- [EXERCISE INSTRUCTIONS]
Please look for the string "where" below and report every line in which it occurs.

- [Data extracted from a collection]
——————————

lemma Q_tendsto: "((\<lambda>t. Q t v) \<longlongrightarrow> Q 1 v) (at_left 1)"
  unfolding Q_def
  by (intro tendsto_intros continuous_on_Icc_at_leftD[OF _ zero_less_one] g_cont h_cont D'_cont)

lemma D_difference_quotient: "((\<lambda>t. D t / (1 - t)) \<longlongrightarrow> - D' 1) (at_left 1)"
proof -
  have "((\<lambda>t. (D t - D 1) / (t - 1)) \<longlongrightarrow> D' 1) (at 1 within {0..1})"
    using D_deriv by (simp add: has_field_derivative_iff)
  then have "((\<lambda>t. - ((D t - D 1) / (t - 1))) \<longlongrightarrow> - D' 1) (at_left 1)"
    by (intro tendsto_minus) (simp add: at_within_Icc_at_left)
  moreover have "- ((D t - D 1) / (t - 1)) = D t / (1 - t)" for t
    using D1 by (simp add: divide_minus_right[symmetric])
  ultimately show ?thesis by simp
qed

lemma z_mean_value:
  assumes "p \<in> {0<..<1}"
  obtains \<xi> where "p < \<xi>" "\<xi> < 1" "- z p = (1 - p) * (h \<xi> - c - g \<xi> * (D \<xi> / z \<xi>))"
proof -
  have "continuous_on {p..1} z"
    using z_sol assms by (auto simp: solP_def intro: continuous_on_subset)
  moreover have "z differentiable (at x)" if "p < x" "x < 1" for x
    using z_sol assms that by (auto simp: solP_def)
  ultimately obtain l \<xi> where \<xi>: "p < \<xi>" "\<xi> < 1" "(z has_real_derivative l) (at \<xi>)"
      "z 1 - z p = (1 - p) * l"
    using MVT[of p 1 z] assms by auto
  moreover have "l = h \<xi> - c - g \<xi> * (D \<xi> / z \<xi>)"
    using \<xi> assms by (intro DERIV_unique[OF \<xi>(3) z_has_derivative]) auto
  ultimately show ?thesis
    using that z1 by auto
qed

lemma D_quotient_le_if_ratio_ge_on_tail:
  assumes p: "p \<in> {0<..<1}" and "y \<le> 0" and tail: "\<forall>t\<in>{p..<1}. y \<le> D t / z t"
  obtains \<xi> where "p < \<xi>" "\<xi> < 1" "D p / (1 - p) \<le> - y * (h \<xi> - c - g \<xi> * y)"
proof -
  obtain \<xi> where \<xi>: "p < \<xi>" "\<xi> < 1" "- z p = (1 - p) * (h \<xi> - c - g \<xi> * (D \<xi> / z \<xi>))"
    using z_mean_value[OF p] .
  have "g \<xi> > 0"
    using g_pos \<xi> p by auto
  then have "g \<xi> * y \<le> g \<xi> * (D \<xi> / z \<xi>)"
    using tail \<xi> by (intro mult_left_mono) auto
  with \<xi> p have z_bound: "- z p \<le> (1 - p) * (h \<xi> - c - g \<xi> * y)"
    by (simp add: mult_left_mono)
  have "D p \<le> y * z p"
    using tail z_neg[OF p] p by (simp add: le_divide_eq)
  also have "\<dots> = - y * (- z p)" by simp
  also have "\<dots> \<le> - y * ((1 - p) * (h \<xi> - c - g \<xi> * y))"
    using z_bound \<open>y \<le> 0\<close> by (intro mult_left_mono) auto
  finally have "D p / (1 - p) \<le> - y * (h \<xi> - c - g \<xi> * y)"
    using p by (simp add: pos_divide_le_eq mult_ac)
  with \<xi> that show ?thesis by blast
qed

——————————

- [SOLUTION FOR THIS PROBLEM]
  obtains \<xi> where "p < \<xi>" "\<xi> < 1" "- z p = (1 - p) * (h \<xi> - c - g \<xi> * (D \<xi> / z \<xi>))"
  ultimately obtain l \<xi> where \<xi>: "p < \<xi>" "\<xi> < 1" "(z has_real_derivative l) (at \<xi>)"
  obtains \<xi> where "p < \<xi>" "\<xi> < 1" "D p / (1 - p) \<le> - y * (h \<xi> - c - g \<xi> * y)"
  obtain \<xi> where \<xi>: "p < \<xi>" "\<xi> < 1" "- z p = (1 - p) * (h \<xi> - c - g \<xi> * (D \<xi> / z \<xi>))"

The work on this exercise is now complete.